Dream. Hope. Believe.

Mother’s Day 2012

I’ve been pretty quiet lately. I have some updates I’ll post later this week, but today seemed like a great day to look at (Weekly) Grace in Small Things.

–My husband had to work today, so it was just my daughter and me. We did our usual morning eat-play-dress routine, and as we headed out to go to church and to do some visiting, the sun broke through the clouds and “My Girl” came on the radio. What more could a Mama ask for on Mother’s Day, really?

–Every stage is so much fun, but I particularly love the constant narration of daily activity phase we’re in right now. “I did it!” she says, standing up with a huge grin on her face after she completes a task. “All done now. Bye-bye!” she says, shoving her plate of food away from her. “I’m all set,” she says as she’s buckled into her car seat.
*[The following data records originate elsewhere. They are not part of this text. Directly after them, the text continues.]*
(* Let $\delta\geq0$. If a $2$-edge-coloured (red/blue) $K_n$ is $\delta$-close to being split, then it has a vertex incident to at most $(1/4+3\delta)n$ red edges or a vertex incident to at most $(1/4+3\delta)n$ blue edges.
   Context: A $2$-edge-coloured $K_n$ is split if its vertex set can be partitioned into a set spanning only red edges and a set spanning only blue edges. It is $\delta$-close to being split if it can be made into a split colouring by changing the colours of at most $\delta n^2$ edges. *)

theory Defs
  imports Complex_Main
begin

text \<open>A red/blue 2-edge-colouring is given by the set R of red edges (a subset of the edges of K_n);
all other edges of K_n are blue.\<close>

definition edges_K :: "nat \<Rightarrow> nat set set" where
  "edges_K n = {e. \<exists>u v. e = {u, v} \<and> u < n \<and> v < n \<and> u \<noteq> v}"

definition is_split :: "nat \<Rightarrow> nat set set \<Rightarrow> bool" where
  "is_split n R \<longleftrightarrow> (\<exists>A B. A \<union> B = {..<n} \<and> A \<inter> B = {} \<and>
      (\<forall>e\<in>edges_K n. e \<subseteq> A \<longrightarrow> e \<in> R) \<and>
      (\<forall>e\<in>edges_K n. e \<subseteq> B \<longrightarrow> e \<notin> R))"

definition delta_close_split :: "real \<Rightarrow> nat \<Rightarrow> nat set set \<Rightarrow> bool" where
  "delta_close_split \<delta> n R \<longleftrightarrow> (\<exists>R'. R' \<subseteq> edges_K n \<and> is_split n R' \<and>
      real (card ((R - R') \<union> (R' - R))) \<le> \<delta> * real n ^ 2)"

definition red_degree :: "nat \<Rightarrow> nat set set \<Rightarrow> nat \<Rightarrow> nat" where
  "red_degree n R v = card {u. u < n \<and> u \<noteq> v \<and> {u, v} \<in> R}"

definition blue_degree :: "nat \<Rightarrow> nat set set \<Rightarrow> nat \<Rightarrow> nat" where
  "blue_degree n R v = card {u. u < n \<and> u \<noteq> v \<and> {u, v} \<notin> R}"

end

theory Submission
  imports Defs
begin

(* Let R' be a split colouring with red part A and blue part B, and D the set of edges on which
   R and R' differ. Give every vertex its degree in the colour opposite to its part: blue degree
   on A, red degree on B. In R' every pair {a, b} with a in A and b in B is counted exactly once
   (blue at a or red at b) and no other pair is counted, so these degrees sum to
   card A * card B <= n^2/4. Passing to R changes each of them by at most the degree in D
   (red_degree n D, read for an arbitrary edge set D), and those degrees sum to 2 card D <= 2 delta n^2.
   Averaging over the n vertices yields one of opposite degree at most (1/4 + 2 delta) n. *)

lemma finite_edges_K: "finite (edges_K n)"
proof (rule finite_subset)
  show "edges_K n \<subseteq> Pow {..<n}" unfolding edges_K_def by auto
qed simp

lemma card_edge_K: "e \<in> edges_K n \<Longrightarrow> card e = 2"
  unfolding edges_K_def by auto

lemma edge_in_edges_K: "u < n \<Longrightarrow> v < n \<Longrightarrow> u \<noteq> v \<Longrightarrow> {u, v} \<in> edges_K n"
  unfolding edges_K_def by auto

lemma edges_K_other_end:
  assumes "e \<in> edges_K n" "a \<in> e"
  obtains b where "e = {a, b}" "a < n" "b < n" "a \<noteq> b"
  using assms unfolding edges_K_def by (auto simp: insert_commute)

lemma sum_red_degree_eq_double_card:
  assumes "D \<subseteq> edges_K n"
  shows "(\<Sum>v<n. red_degree n D v) = 2 * card D"
proof -
  let ?N = "\<lambda>v. {u. u < n \<and> u \<noteq> v \<and> {u, v} \<in> D}"
  let ?end = "\<lambda>(v, u). ({u, v}, v)"
  have finD: "finite D" using assms finite_edges_K by (rule finite_subset)
  have card2: "card e = 2" if "e \<in> D" for e
    using that assms by (intro card_edge_K) blast
  have "bij_betw ?end (SIGMA v:{..<n}. ?N v) (SIGMA e:D. e)"
    unfolding bij_betw_def
  proof
    show "inj_on ?end (SIGMA v:{..<n}. ?N v)"
      by (auto intro!: inj_onI simp: doubleton_eq_iff)
    show "?end ` (SIGMA v:{..<n}. ?N v) = (SIGMA e:D. e)"
    proof (intro equalityI subsetI)
      fix p assume "p \<in> (SIGMA e:D. e)"
      then obtain e a where p: "p = (e, a)" and "e \<in> D" "a \<in> e" by auto
      with assms obtain b where "e = {a, b}" "a < n" "b < n" "a \<noteq> b"
        by (blast elim: edges_K_other_end)
      with p \<open>e \<in> D\<close> show "p \<in> ?end ` (SIGMA v:{..<n}. ?N v)"
        by (auto simp: image_iff insert_commute intro!: bexI[of _ "(a, b)"])
    qed auto
  qed
  then have "card (SIGMA v:{..<n}. ?N v) = card (SIGMA e:D. e)"
    by (rule bij_betw_same_card)
  moreover have "card (SIGMA e:D. e) = (\<Sum>e\<in>D. card e)"
    using finD card2 by (intro card_SigmaI) (auto intro: card_ge_0_finite)
  ultimately show ?thesis
    unfolding red_degree_def using finD card2 by (simp add: card_SigmaI)
qed

lemma red_degree_le_recolour:
  "red_degree n R v \<le> red_degree n R' v + red_degree n ((R - R') \<union> (R' - R)) v"
  unfolding red_degree_def by (rule order_trans[OF card_mono card_Un_le]) auto

lemma blue_degree_le_recolour:
  "blue_degree n R v \<le> blue_degree n R' v + red_degree n ((R - R') \<union> (R' - R)) v"
  unfolding blue_degree_def red_degree_def by (rule order_trans[OF card_mono card_Un_le]) auto

definition split_partition :: "nat \<Rightarrow> nat set set \<Rightarrow> nat set \<Rightarrow> nat set \<Rightarrow> bool" where
  "split_partition n R A B \<longleftrightarrow> A \<union> B = {..<n} \<and> A \<inter> B = {} \<and>
      (\<forall>e\<in>edges_K n. e \<subseteq> A \<longrightarrow> e \<in> R) \<and> (\<forall>e\<in>edges_K n. e \<subseteq> B \<longrightarrow> e \<notin> R)"

lemma is_split_iff_split_partition: "is_split n R \<longleftrightarrow> (\<exists>A B. split_partition n R A B)"
  unfolding is_split_def split_partition_def ..

lemma split_partition_finite:
  "split_partition n R A B \<Longrightarrow> finite A \<and> finite B"
  unfolding split_partition_def by (metis finite_Un finite_lessThan)

lemma split_partition_card:
  "split_partition n R A B \<Longrightarrow> card A + card B = n"
  unfolding split_partition_def by (metis card_Un_disjoint card_lessThan finite_Un finite_lessThan)

lemma split_partition_blue_neighbour:
  assumes part: "split_partition n R A B" and "v \<in> A" "u < n" "u \<noteq> v" "{u, v} \<notin> R"
  shows "u \<in> B"
proof -
  have AB: "A \<union> B = {..<n}" and red: "\<forall>e\<in>edges_K n. e \<subseteq> A \<longrightarrow> e \<in> R"
    using part unfolding split_partition_def by simp_all
  have "v < n" using \<open>v \<in> A\<close> AB by auto
  with assms(3,4) have "{u, v} \<in> edges_K n" by (intro edge_in_edges_K)
  with red assms(2,5) have "\<not> {u, v} \<subseteq> A" by blast
  with assms(2) have "u \<notin> A" by simp
  with \<open>u < n\<close> AB show ?thesis by auto
qed

lemma split_partition_red_neighbour:
  assumes part: "split_partition n R A B" and "v \<in> B" "u < n" "u \<noteq> v" "{u, v} \<in> R"
  shows "u \<in> A"
proof -
  have AB: "A \<union> B = {..<n}" and blue: "\<forall>e\<in>edges_K n. e \<subseteq> B \<longrightarrow> e \<notin> R"
    using part unfolding split_partition_def by simp_all
  have "v < n" using \<open>v \<in> B\<close> AB by auto
  with assms(3,4) have "{u, v} \<in> edges_K n" by (intro edge_in_edges_K)
  with blue assms(2,5) have "\<not> {u, v} \<subseteq> B" by blast
  with assms(2) have "u \<notin> B" by simp
  with \<open>u < n\<close> AB show ?thesis by auto
qed

lemma split_partition_degree_sum:
  assumes part: "split_partition n R A B"
  shows "(\<Sum>v\<in>A. blue_degree n R v) + (\<Sum>v\<in>B. red_degree n R v) = card A * card B"
proof -
  have AB: "A \<union> B = {..<n}" "A \<inter> B = {}"
    using part unfolding split_partition_def by auto
  have finA: "finite A" and finB: "finite B"
    using split_partition_finite[OF part] by auto
  have blue_A: "blue_degree n R v = (\<Sum>u\<in>B. if {u, v} \<in> R then 0 else 1)" if "v \<in> A" for v
  proof -
    have "{u. u < n \<and> u \<noteq> v \<and> {u, v} \<notin> R} = {u\<in>B. {u, v} \<notin> R}"
      using that AB split_partition_blue_neighbour[OF part that] by auto
    then show ?thesis
      unfolding blue_degree_def using finB by (simp add: sum.If_cases Int_def)
  qed
  have red_B: "red_degree n R v = (\<Sum>u\<in>A. if {u, v} \<in> R then 1 else 0)" if "v \<in> B" for v
  proof -
    have "{u. u < n \<and> u \<noteq> v \<and> {u, v} \<in> R} = {u\<in>A. {u, v} \<in> R}"
      using that AB split_partition_red_neighbour[OF part that] by auto
    then show ?thesis
      unfolding red_degree_def using finA by (simp add: sum.If_cases Int_def)
  qed
  have "(\<Sum>v\<in>B. \<Sum>u\<in>A. if {u, v} \<in> R then 1 else 0) = (\<Sum>v\<in>A. \<Sum>u\<in>B. if {u, v} \<in> R then 1 else 0::nat)"
    by (subst sum.swap) (simp add: insert_commute)
  then have "(\<Sum>v\<in>A. blue_degree n R v) + (\<Sum>v\<in>B. red_degree n R v)
      = (\<Sum>v\<in>A. \<Sum>u\<in>B. (if {u, v} \<in> R then 0 else 1) + (if {u, v} \<in> R then 1 else 0))"
    by (simp add: blue_A red_B sum.distrib)
  also have "\<dots> = (\<Sum>v\<in>A. \<Sum>u\<in>B. 1)"
    by (intro sum.cong refl) simp
  also have "\<dots> = card A * card B"
    by simp
  finally show ?thesis .
qed

lemma sum_opposite_degree_le:
  assumes "R \<subseteq> edges_K n" "R' \<subseteq> edges_K n" and part: "split_partition n R' A B"
  shows "(\<Sum>v<n. if v \<in> A then blue_degree n R v else red_degree n R v)
    \<le> card A * card B + 2 * card ((R - R') \<union> (R' - R))"
proof -
  let ?D = "(R - R') \<union> (R' - R)"
  have AB: "A \<union> B = {..<n}" "A \<inter> B = {}"
    using part unfolding split_partition_def by auto
  have fin: "finite A" "finite B"
    using split_partition_finite[OF part] by auto
  have "(\<Sum>v<n. if v \<in> A then blue_degree n R v else red_degree n R v)
      = (\<Sum>v\<in>A. if v \<in> A then blue_degree n R v else red_degree n R v)
        + (\<Sum>v\<in>B. if v \<in> A then blue_degree n R v else red_degree n R v)"
    unfolding AB(1)[symmetric] using AB(2) fin by (simp add: sum.union_disjoint)
  also have "\<dots> = (\<Sum>v\<in>A. blue_degree n R v) + (\<Sum>v\<in>B. red_degree n R v)"
    using AB(2) by (intro arg_cong2[where f = "(+)"] sum.cong) auto
  also have "\<dots> \<le> (\<Sum>v\<in>A. blue_degree n R' v + red_degree n ?D v) + (\<Sum>v\<in>B. red_degree n R' v + red_degree n ?D v)"
    by (intro add_mono sum_mono blue_degree_le_recolour red_degree_le_recolour)
  also have "\<dots> = card A * card B + (\<Sum>v<n. red_degree n ?D v)"
    unfolding AB(1)[symmetric] using AB(2) fin split_partition_degree_sum[OF part]
    by (simp add: sum.distrib sum.union_disjoint)
  also have "(\<Sum>v<n. red_degree n ?D v) = 2 * card ?D"
    using assms(1,2) by (intro sum_red_degree_eq_double_card) auto
  finally show ?thesis .
qed

lemma ex_le_average:
  fixes f :: "'a \<Rightarrow> real"
  assumes "finite A" "A \<noteq> {}" "sum f A \<le> real (card A) * c"
  shows "\<exists>x\<in>A. f x \<le> c"
proof (rule ccontr)
  assume "\<not> ?thesis"
  then have "(\<Sum>x\<in>A. c) < sum f A"
    using assms(1,2) by (intro sum_strict_mono) auto
  with assms(3) show False by simp
qed

theorem proposition3p5:
  fixes \<delta> :: real and n :: nat and R :: "nat set set"
  assumes "\<delta> \<ge> 0" and "n \<ge> 1"
    and "R \<subseteq> edges_K n"
    and "delta_close_split \<delta> n R"
  shows "\<exists>v<n. real (red_degree n R v) \<le> (1/4 + 3*\<delta>) * real n
            \<or> real (blue_degree n R v) \<le> (1/4 + 3*\<delta>) * real n"
proof -
  obtain R' A B where R': "R' \<subseteq> edges_K n" and part: "split_partition n R' A B"
    and close: "real (card ((R - R') \<union> (R' - R))) \<le> \<delta> * real n ^ 2"
    using assms(4) unfolding delta_close_split_def is_split_iff_split_partition by blast
  define f where "f v = (if v \<in> A then blue_degree n R v else red_degree n R v)" for v
  have amgm: "4 * real (card A * card B) \<le> real n ^ 2"
  proof -
    have "0 \<le> (real (card A) - real (card B))\<^sup>2" by simp
    then show ?thesis
      using split_partition_card[OF part, symmetric] by (simp add: power2_eq_square algebra_simps)
  qed
  have "(\<Sum>v<n. real (f v)) \<le> real (card A * card B) + 2 * real (card ((R - R') \<union> (R' - R)))"
    using sum_opposite_degree_le[OF assms(3) R' part] unfolding f_def of_nat_sum[symmetric]
    by linarith
  also have "\<dots> \<le> real (card {..<n}) * ((1/4 + 3*\<delta>) * real n)"
    using amgm close assms(1) by (simp add: power2_eq_square algebra_simps)
  finally have "\<exists>v\<in>{..<n}. real (f v) \<le> (1/4 + 3*\<delta>) * real n"
    using assms(2) by (intro ex_le_average) (auto simp: lessThan_empty_iff)
  then obtain v where "v < n" "real (f v) \<le> (1/4 + 3*\<delta>) * real n"
    by blast
  then show ?thesis
    unfolding f_def by (auto split: if_splits)
qed

end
–Watching my daughter and all of her grandparents interact and seeing how much they love each other is great to witness. One of my favorite little things? When my daughter walks over to me with the phone in her hand, hits speaker and re-dial, and calls my mother to ask her to sing “Ba Ba Black Sheep.” Asking her who loves her and hearing her say their names? Amazing.

–I want my daughter to feel like part of a pack and that she is loved by and connected to more than just her father and me. She loves her eight cousins and when she asks for them by name, it takes me down the road a few years to sleepovers and bike rides and those all-important bonds you have with the people who have known you your entire life. She woke up and asked to call some of her cousins today. While I wouldn’t oblige her since it was 6:30am, it did make me smile.

–Lately, she likes to take both my cheeks in her hands and kiss my face noisily and earnestly. It makes me laugh, which makes her squeal with laughter and eggs her on, which makes her lean in and kiss me again with even more exaggeration, which makes both of us laugh harder. We just went through several rounds of this before bedtime. It doesn’t do much to settle her down, admittedly, but it’s hilarious and I know she’ll move on to something else soon enough; I don’t need to rush that.

Nineteen months into this, I still can’t believe I get to be someone’s mother, that I get to be her mother. She lights up corners of our world we didn’t even know existed.

Happy Mother’s Day to all the women who love, nurture, guide, and advocate for children out there.

(And, back to regularly scheduled posts this week. Promise.)